*** Given records
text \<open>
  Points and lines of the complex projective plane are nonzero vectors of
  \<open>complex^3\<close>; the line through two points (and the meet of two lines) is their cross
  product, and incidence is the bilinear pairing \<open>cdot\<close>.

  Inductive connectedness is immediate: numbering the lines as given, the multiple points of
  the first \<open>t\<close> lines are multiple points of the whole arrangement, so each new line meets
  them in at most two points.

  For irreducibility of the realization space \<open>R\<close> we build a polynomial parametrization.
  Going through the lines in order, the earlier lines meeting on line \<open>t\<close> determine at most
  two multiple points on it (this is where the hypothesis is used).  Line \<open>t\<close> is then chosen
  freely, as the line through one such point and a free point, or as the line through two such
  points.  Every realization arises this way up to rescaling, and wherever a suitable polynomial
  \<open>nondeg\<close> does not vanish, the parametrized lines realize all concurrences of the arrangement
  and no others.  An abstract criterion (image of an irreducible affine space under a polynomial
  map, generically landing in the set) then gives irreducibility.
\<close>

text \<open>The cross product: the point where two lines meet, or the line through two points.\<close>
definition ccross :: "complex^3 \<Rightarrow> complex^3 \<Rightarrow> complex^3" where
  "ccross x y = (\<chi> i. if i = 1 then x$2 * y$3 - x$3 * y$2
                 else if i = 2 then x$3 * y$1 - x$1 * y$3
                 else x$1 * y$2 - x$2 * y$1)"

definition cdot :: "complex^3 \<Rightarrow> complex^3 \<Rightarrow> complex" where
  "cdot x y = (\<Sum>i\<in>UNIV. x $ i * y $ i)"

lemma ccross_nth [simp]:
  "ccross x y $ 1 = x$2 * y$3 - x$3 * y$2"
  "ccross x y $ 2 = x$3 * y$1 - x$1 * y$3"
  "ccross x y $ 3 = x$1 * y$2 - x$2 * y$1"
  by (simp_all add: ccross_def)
******
*** Given records
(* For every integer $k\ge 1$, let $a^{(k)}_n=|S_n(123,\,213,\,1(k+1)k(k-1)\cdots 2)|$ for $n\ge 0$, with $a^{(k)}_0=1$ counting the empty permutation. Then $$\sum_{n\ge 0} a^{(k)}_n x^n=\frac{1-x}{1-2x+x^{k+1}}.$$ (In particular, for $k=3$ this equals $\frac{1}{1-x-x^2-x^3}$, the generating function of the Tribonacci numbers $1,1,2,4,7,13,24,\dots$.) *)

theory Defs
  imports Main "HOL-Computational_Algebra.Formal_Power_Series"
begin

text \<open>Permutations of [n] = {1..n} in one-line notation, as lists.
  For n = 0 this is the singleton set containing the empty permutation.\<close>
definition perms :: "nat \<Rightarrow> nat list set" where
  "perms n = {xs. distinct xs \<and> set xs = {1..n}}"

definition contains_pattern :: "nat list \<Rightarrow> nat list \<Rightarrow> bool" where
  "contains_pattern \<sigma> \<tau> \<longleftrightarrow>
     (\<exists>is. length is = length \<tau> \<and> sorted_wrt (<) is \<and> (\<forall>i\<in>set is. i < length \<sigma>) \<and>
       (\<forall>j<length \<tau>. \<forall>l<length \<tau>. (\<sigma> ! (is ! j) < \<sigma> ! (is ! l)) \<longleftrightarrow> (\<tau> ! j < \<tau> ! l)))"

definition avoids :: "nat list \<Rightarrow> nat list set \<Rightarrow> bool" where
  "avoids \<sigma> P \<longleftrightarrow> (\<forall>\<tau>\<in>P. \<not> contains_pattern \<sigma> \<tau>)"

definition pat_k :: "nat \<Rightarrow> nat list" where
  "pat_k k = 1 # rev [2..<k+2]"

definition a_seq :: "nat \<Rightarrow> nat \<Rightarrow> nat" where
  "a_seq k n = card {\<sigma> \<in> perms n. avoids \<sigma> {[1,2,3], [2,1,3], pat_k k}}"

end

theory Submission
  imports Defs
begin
******
*** Given records
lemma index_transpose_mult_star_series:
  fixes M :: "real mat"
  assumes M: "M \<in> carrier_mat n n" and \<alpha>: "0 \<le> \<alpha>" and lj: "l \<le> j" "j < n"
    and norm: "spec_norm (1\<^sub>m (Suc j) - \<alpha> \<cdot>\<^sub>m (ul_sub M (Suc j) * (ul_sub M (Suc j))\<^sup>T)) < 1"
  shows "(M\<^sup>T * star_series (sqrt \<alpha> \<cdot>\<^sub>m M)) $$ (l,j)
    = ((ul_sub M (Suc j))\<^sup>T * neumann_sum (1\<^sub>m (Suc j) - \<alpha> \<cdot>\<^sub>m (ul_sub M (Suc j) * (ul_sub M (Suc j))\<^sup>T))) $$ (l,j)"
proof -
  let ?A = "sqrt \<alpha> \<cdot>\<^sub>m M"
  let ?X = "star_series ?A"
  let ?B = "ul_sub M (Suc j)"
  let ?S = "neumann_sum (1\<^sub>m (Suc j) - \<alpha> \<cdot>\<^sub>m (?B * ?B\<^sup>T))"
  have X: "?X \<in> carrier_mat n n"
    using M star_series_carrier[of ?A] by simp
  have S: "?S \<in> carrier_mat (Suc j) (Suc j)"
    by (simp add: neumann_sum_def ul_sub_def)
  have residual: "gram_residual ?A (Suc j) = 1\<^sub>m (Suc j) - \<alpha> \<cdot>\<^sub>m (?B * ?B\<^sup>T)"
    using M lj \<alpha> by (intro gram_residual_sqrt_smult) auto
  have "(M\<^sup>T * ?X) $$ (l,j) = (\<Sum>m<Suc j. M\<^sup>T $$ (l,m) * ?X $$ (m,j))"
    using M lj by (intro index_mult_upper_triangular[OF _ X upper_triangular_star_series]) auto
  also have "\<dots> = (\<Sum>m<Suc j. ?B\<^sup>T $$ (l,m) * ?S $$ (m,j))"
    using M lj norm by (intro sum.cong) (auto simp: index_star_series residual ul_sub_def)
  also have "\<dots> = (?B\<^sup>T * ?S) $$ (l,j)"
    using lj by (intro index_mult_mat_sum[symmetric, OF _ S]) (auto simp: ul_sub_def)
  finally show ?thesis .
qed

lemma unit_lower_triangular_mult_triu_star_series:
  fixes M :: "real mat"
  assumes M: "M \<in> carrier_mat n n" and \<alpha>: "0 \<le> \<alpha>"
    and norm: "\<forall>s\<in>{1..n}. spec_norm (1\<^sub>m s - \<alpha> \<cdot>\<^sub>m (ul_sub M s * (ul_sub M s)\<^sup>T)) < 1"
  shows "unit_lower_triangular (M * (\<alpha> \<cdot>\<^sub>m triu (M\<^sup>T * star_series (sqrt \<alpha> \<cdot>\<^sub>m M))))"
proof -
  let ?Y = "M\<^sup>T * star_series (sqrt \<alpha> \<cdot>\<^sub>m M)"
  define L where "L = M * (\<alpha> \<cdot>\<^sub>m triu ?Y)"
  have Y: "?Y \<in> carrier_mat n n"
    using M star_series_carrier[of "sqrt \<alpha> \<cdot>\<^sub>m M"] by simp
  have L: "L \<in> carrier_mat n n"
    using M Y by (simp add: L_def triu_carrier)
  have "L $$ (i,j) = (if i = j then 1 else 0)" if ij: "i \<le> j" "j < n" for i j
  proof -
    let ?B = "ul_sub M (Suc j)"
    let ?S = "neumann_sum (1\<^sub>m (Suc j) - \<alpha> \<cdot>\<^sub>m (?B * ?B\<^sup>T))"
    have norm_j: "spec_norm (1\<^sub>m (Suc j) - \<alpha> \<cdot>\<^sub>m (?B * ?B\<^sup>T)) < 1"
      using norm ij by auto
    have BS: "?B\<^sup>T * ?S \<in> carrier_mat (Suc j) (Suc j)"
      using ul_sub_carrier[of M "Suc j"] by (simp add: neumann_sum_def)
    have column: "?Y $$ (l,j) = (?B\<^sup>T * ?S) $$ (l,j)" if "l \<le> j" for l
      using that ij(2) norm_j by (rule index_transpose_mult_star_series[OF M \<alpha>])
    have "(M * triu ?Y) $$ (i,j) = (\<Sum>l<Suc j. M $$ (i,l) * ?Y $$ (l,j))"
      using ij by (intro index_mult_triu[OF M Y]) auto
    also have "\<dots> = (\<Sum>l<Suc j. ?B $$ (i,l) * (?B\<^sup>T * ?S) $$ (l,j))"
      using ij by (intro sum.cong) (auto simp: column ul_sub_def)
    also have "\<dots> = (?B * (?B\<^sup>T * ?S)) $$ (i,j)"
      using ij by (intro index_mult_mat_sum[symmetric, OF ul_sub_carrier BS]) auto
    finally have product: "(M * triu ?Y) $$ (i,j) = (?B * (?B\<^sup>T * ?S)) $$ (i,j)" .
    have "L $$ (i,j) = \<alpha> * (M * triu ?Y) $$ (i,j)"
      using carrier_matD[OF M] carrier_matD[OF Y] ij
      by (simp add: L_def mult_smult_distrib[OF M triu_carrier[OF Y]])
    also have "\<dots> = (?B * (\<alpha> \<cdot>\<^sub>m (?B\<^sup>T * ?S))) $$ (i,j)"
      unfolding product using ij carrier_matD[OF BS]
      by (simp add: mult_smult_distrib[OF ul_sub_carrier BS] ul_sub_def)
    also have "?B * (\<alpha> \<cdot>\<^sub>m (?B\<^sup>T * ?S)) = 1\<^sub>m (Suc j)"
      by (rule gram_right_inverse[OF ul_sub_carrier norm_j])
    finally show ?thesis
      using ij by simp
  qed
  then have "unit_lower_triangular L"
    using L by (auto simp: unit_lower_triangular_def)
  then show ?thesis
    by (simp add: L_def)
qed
******
Exercise requirements :: Could you reproduce exactly the lines of the entries above, from the one with "using that ij(2)" through the one with "using ij by (intro index_mult_mat_sum[symmetric, OF", and nothing else?

Answer for this exercise ::
      using that ij(2) norm_j by (rule index_transpose_mult_star_series[OF M \<alpha>])
    have "(M * triu ?Y) $$ (i,j) = (\<Sum>l<Suc j. M $$ (i,l) * ?Y $$ (l,j))"
      using ij by (intro index_mult_triu[OF M Y]) auto
    also have "\<dots> = (\<Sum>l<Suc j. ?B $$ (i,l) * (?B\<^sup>T * ?S) $$ (l,j))"
      using ij by (intro sum.cong) (auto simp: column ul_sub_def)
    also have "\<dots> = (?B * (?B\<^sup>T * ?S)) $$ (i,j)"
      using ij by (intro index_mult_mat_sum[symmetric, OF ul_sub_carrier BS]) auto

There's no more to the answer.